IX. Церкви лондонского Сити


   Если мое признание, что я по воскресеньям часто покидаю свою квартиру в Ковент-Гардене, дабы отправиться в путешествие, покажется обидным для тех, кто никогда не путешествует в день воскресный, они, надеюсь, будут удовлетворены, услышав от меня, что я путешествую по городским церквам.
   Не то чтоб я любопытствовал услышать громогласных проповедников. Я их наслушался еще в те времена, когда меня в церковь, что называется, тянули за волосы. Летними вечерами, когда цветы, деревья, птицы, а вовсе не проповедники манили мое детское сердце, женская рука хватала меня за макушку, и в качестве очищения пред вступленьем в храм меня принимались скрести что есть сил, от шеи до самых корней волос, после чего, заряженного мыльным электричеством, тащили томиться, словно картошку, в застойных испарениях громогласного Воанергеса Кипятильника и его паствы и парили там до тех пор, пока мое слабое разумение окончательно не испарялось из моей головы. В означенном жалком состоянии меня выволакивали из молитвенного дома и, в качестве заключительного экзерсиса, принимались вытягивать из меня, что имел в виду Воанергес Кипятильник, когда произносил свои «в-пятых», «в-шестых», «в-седьмых»; и все это продолжалось до тех пор, пока преподобный Воанергес Кипятильник не становился для меня олицетворением какой-то мрачной и гнетущей шарады. Меня таскали на религиозные собрания, на которых ни одно дитя человеческое, исполнено ли оно благодати или порока, не способно не смежить очи; я чувствовал, как подкрадывается и подкрадывается ко мне предательский сон, а оратор все гудел и жужжал, словно огромный волчок, а потом начинал крутиться и в изнеможении падал — но, к великому своему страху и стыду, я обнаруживал, что падал вовсе не он, а я. Я присутствовал на проповеди Воанергеса, когда он специально адресовался к нам — к детям; как сейчас слышу его тяжеловесные шутки (которые ни разу нас не рассмешили, хотя мы лицемерно делали вид, будто нам очень смешно); как сейчас вижу его большое круглое лицо; и мне кажется, что я все еще гляжу в рукав его вытянутой руки, словно это большой телескоп с заслонкой, и все эти два часа безгранично его ненавижу. Вот так-то и вышло, что я знал этого громогласного проповедника вдоль и поперек, когда был еще очень молод, и распрощался с ним в ранний период своей жизни. Бог с ним, пусть живет. Пусть себе живет, хоть мне житья от него не было.
   С тех пор я слышал многих проповедников — не громогласных, а просто христианских, непритязательных, благоговейных, — и многих из них я считаю своими друзьями. Но я предпринял свои воскресные путешествия не для того, чтобы послушать этих проповедников, не говоря уж о громогласных.

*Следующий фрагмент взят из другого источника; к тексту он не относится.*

(* In the structured linear setting described in the context, suppose the equal allocation sampling strategy is used, Assumptions A and B hold, $\delta>0$, and $\mathcal A(\mathbf{x})=\mathcal A$ for all $\mathbf{x}\in\mathcal X$, with $k=|\mathcal A|$. Let $T_{\mathrm I}=\mathbb E[\tau^{\mathrm I,L}_{\alpha,\delta}]$ and $T_{\mathrm{II}}=\mathbb E[\tau^{\mathrm{II},L}_{\alpha,\delta}]$. Then, as $k\to\infty$, $T_{\mathrm I}=\mathcal O(k\log k)$ and $T_{\mathrm{II}}=\mathcal O(k\log k)$; and as $\alpha\to0$, $T_{\mathrm I}=\mathcal O(\log(1/\alpha))$ and $T_{\mathrm{II}}=\mathcal O(\log(1/\alpha))$.
   Context: Linear setting: finite action set $\mathcal A$ ($k$ actions), finite context set $\mathcal X\subset\mathbb R^d$ with $m$ contexts and known probabilities $p(\mathbf{x})>0$; known feature map $\mathbf f:\mathcal X\to\mathbb R^d$; mean performance $y(\mathbf{x},a)=\mathbf f(\mathbf{x})^{\mathrm T}\bm\beta(a)$ with unknown $\bm\beta(a)\in\mathbb R^d$; observations $Y_t=\mathbf f(\mathbf{X}_t)^{\mathrm T}\bm\beta(A_t)+\varepsilon_t$ with independent noises, conditionally $\mathcal N(0,\sigma^2(A_t))$, unknown $\sigma^2(a)>0$. Statistics: $N_t(a)$ samples of action $a$ up to $t$; $D_t(a)=\sum_{s\le t,A_s=a}\mathbf f(\mathbf{X}_s)\mathbf f(\mathbf{X}_s)^{\mathrm T}$; OLS $\hat{\bm\beta}_t(a)$; residual variance $S_t^2(a)=\frac1{N_t(a)-d}\sum_{s\le t,A_s=a}(Y_s-\mathbf f(\mathbf{X}_s)^{\mathrm T}\hat{\bm\beta}_t(a))^2$; $\Sigma_t(\mathbf{x},a)=\mathbf f(\mathbf{x})^{\mathrm T}D_t(a)^{-1}\mathbf f(\mathbf{x})$; $\hat\pi_t(\mathbf{x})\in\arg\max_a\mathbf f(\mathbf{x})^{\mathrm T}\hat{\bm\beta}_t(a)$; $t_0=\inf\{t:D_t(a)\succ0\ \forall a\}$; $\tilde Z^L_{a,a'}(\mathbf{x},t,\delta)=\frac{(\mathbf f(\mathbf{x})^{\mathrm T}\hat{\bm\beta}_t(a)-\mathbf f(\mathbf{x})^{\mathrm T}\hat{\bm\beta}_t(a')+\delta)^2}{2(S_t^2(a)\Sigma_t(\mathbf{x},a)+S_t^2(a')\Sigma_t(\mathbf{x},a'))}$. For fixed $\epsilon>0$, $\gamma^L(t_1,t_2,\alpha)=\frac{(t_1-d)t_2}{\max\{(\frac{\alpha^2}{t_2+1})^{1/(t_1-d+1)}(t_2+1)-1,\epsilon\}}-(t_1-d)$. For $r\in\{\mathrm I,\mathrm{II}\}$, $\alpha^{\mathrm I}(\mathbf{x})=\frac{\alpha}{(k-1)mp(\mathbf{x})}$, $\alpha^{\mathrm{II}}(\mathbf{x})=\frac{\alpha}{(k-1)m}$ and $\varphi^{r,L}_{a,a'}(\bm N_t,\alpha,\mathbf{x})=\max\{\frac12\gamma^L(N_t(a),\Sigma_t^{-1}(\mathbf{x},a),\alpha^{r}(\mathbf{x})(\Sigma_t^{-1}(\mathbf{x},a')+1)^{-1/2}),\frac12\gamma^L(N_t(a'),\Sigma_t^{-1}(\mathbf{x},a'),\alpha^{r}(\mathbf{x})(\Sigma_t^{-1}(\mathbf{x},a)+1)^{-1/2})\}$. Stopping rules: $\tau^{\mathrm I,L}_{\alpha,\delta}=\inf\{t\ge t_0:\forall\mathbf{x},\forall a\ne\hat\pi_t(\mathbf{x}),\ \tilde Z^L_{\hat\pi_t(\mathbf{x}),a}(\mathbf{x},t,\delta)>\varphi^{\mathrm I,L}_{\hat\pi_t(\mathbf{x}),a}(\bm N_t,\alpha,\mathbf{x})\}$; with $w^L_{a,a'}(\mathbf{x},t)=[\sqrt{2\varphi^{\mathrm{II},L}_{a,a'}(\bm N_t,\alpha,\mathbf{x})(S_t^2(a)\Sigma_t(\mathbf{x},a)+S_t^2(a')\Sigma_t(\mathbf{x},a'))}-(\mathbf f(\mathbf{x})^{\mathrm T}\hat{\bm\beta}_t(a)-\mathbf f(\mathbf{x})^{\mathrm T}\hat{\bm\beta}_t(a'))]_+$ and $r^L(\mathbf{x},t)=\max_{a\ne\hat\pi_t(\mathbf{x})}w^L_{\hat\pi_t(\mathbf{x}),a}(\mathbf{x},t)$, $\tau^{\mathrm{II},L}_{\alpha,\delta}=\inf\{t\ge t_0:\sum_{\mathbf{x}}p(\mathbf{x})r^L(\mathbf{x},t)\le\delta\}$. Equal allocation: samples are allocated uniformly across actions, so that $N_t(a)=t/k$ for all $a\in\mathcal A$; the sampled context at each stage follows a distribution $P^s$. Assumption A: $\Sigma:=\mathbb E_{\mathbf{X}\sim P^s}[\mathbf f(\mathbf{X})\mathbf f(\mathbf{X})^{\mathrm T}]$ is positive definite and $\mathbf f(\mathbf{x})\ne0$ for all $\mathbf{x}\in\mathcal X$. Assumption B: there exist constants $0<L\le U<\infty$ with $L\le\|\mathbf f(\mathbf{x})\|_2^2\le U$ for all $\mathbf{x}\in\mathcal X$. *)

theory Defs
  imports "HOL-Analysis.Analysis" "HOL-Probability.Probability"
begin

Я просто осматривал из любопытства многочисленные церкви лондонского Сити. Как-то раз я подумал, что хорошо знаком со всеми церквами Рима, а вот в старые лондонские церкви ни разу не заглянул. Это пришло мне в голову одним воскресным утром. В тот же день я начал свои походы, и они продолжались целый год.
   Я никогда не интересовался названиями посещаемых мною церквей и по сей час не могу сказать, как называлось по крайней мере девять из десяти. Я знаю, что церковь в Саутуорке, где похоронен старый Тауэр[40] (ваятель изобразил его лежа, и голова его покоится на его сочинениях), называется церковью Спасителя; что церковь, где похоронен Мильтон[41], это церковь Криплгейт и что церковь на Корнхилле с большими золотыми ключами — церковь св. Петра, но этим мои познания исчерпываются, и конкурсный экзамен по данному, предмету я навряд ли бы выдержал. Никакие сведения об этих церквах, полученные мной от живых людей, и никакие сведения, почерпнутые мною из книг о старине, не отягчат душу читателя. Удовольствием, которое я получил, я наполовину обязан тому, что эти церкви были окутаны тайной, и такими они для меня останутся.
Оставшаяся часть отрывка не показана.